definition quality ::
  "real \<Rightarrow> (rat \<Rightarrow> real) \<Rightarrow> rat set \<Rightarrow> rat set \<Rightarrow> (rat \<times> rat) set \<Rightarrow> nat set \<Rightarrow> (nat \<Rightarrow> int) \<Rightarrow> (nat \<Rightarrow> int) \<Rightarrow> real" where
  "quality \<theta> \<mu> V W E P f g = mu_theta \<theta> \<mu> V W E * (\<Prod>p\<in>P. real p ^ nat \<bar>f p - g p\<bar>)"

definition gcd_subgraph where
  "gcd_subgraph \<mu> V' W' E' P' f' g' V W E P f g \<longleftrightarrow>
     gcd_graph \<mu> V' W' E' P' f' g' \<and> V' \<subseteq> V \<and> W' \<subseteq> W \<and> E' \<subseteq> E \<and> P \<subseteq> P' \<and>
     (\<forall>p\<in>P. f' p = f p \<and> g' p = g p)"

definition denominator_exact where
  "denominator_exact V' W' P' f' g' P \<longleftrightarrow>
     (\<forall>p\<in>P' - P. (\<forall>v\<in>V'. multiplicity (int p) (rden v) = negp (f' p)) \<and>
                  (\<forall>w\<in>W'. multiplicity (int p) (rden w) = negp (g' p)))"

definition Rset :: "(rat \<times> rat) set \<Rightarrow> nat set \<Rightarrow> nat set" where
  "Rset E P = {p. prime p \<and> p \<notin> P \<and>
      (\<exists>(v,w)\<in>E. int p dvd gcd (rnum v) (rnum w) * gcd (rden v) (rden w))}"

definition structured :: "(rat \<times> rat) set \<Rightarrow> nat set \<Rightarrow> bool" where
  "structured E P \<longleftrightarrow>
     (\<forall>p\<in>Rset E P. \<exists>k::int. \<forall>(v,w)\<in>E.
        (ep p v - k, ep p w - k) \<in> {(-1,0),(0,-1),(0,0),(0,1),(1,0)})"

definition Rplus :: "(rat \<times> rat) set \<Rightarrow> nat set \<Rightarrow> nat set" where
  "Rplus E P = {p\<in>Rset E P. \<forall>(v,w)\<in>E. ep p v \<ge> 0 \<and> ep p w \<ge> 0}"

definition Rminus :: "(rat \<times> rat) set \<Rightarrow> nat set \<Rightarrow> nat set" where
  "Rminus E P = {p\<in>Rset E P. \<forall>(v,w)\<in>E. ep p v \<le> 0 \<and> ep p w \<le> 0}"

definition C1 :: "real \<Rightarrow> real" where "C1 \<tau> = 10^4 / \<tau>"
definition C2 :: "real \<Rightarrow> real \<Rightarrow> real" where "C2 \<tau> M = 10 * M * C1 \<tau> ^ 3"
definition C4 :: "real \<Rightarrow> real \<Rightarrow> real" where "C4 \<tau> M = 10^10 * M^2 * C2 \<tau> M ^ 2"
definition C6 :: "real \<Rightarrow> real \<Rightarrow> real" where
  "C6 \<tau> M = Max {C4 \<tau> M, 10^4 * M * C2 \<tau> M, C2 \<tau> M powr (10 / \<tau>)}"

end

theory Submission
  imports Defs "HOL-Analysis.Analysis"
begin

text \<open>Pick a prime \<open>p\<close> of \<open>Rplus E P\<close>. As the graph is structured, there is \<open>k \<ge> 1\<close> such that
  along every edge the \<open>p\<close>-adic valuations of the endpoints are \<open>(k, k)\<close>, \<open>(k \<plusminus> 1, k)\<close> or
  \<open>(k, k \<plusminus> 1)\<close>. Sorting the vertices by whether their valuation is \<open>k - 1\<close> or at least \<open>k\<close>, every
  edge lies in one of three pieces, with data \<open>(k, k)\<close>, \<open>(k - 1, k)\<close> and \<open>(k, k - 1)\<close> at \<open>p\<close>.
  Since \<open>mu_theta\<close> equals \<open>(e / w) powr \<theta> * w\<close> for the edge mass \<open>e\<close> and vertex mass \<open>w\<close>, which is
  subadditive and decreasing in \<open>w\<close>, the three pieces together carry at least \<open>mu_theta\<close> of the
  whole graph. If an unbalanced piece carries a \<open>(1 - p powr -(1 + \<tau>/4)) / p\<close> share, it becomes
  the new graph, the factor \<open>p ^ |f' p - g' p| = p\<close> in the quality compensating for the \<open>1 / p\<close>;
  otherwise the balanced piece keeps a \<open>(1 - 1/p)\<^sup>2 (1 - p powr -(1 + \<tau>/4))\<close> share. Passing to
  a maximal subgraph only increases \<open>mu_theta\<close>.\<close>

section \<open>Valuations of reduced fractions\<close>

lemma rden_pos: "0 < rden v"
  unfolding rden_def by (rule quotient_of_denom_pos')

Description of the task
If a line in the listing holds the word "times", copy it out.

The completed task
  "real \<Rightarrow> (rat \<Rightarrow> real) \<Rightarrow> rat set \<Rightarrow> rat set \<Rightarrow> (rat \<times> rat) set \<Rightarrow> nat set \<Rightarrow> (nat \<Rightarrow> int) \<Rightarrow> (nat \<Rightarrow> int) \<Rightarrow> real" where
definition Rset :: "(rat \<times> rat) set \<Rightarrow> nat set \<Rightarrow> nat set" where
definition structured :: "(rat \<times> rat) set \<Rightarrow> nat set \<Rightarrow> bool" where
definition Rplus :: "(rat \<times> rat) set \<Rightarrow> nat set \<Rightarrow> nat set" where
definition Rminus :: "(rat \<times> rat) set \<Rightarrow> nat set \<Rightarrow> nat set" where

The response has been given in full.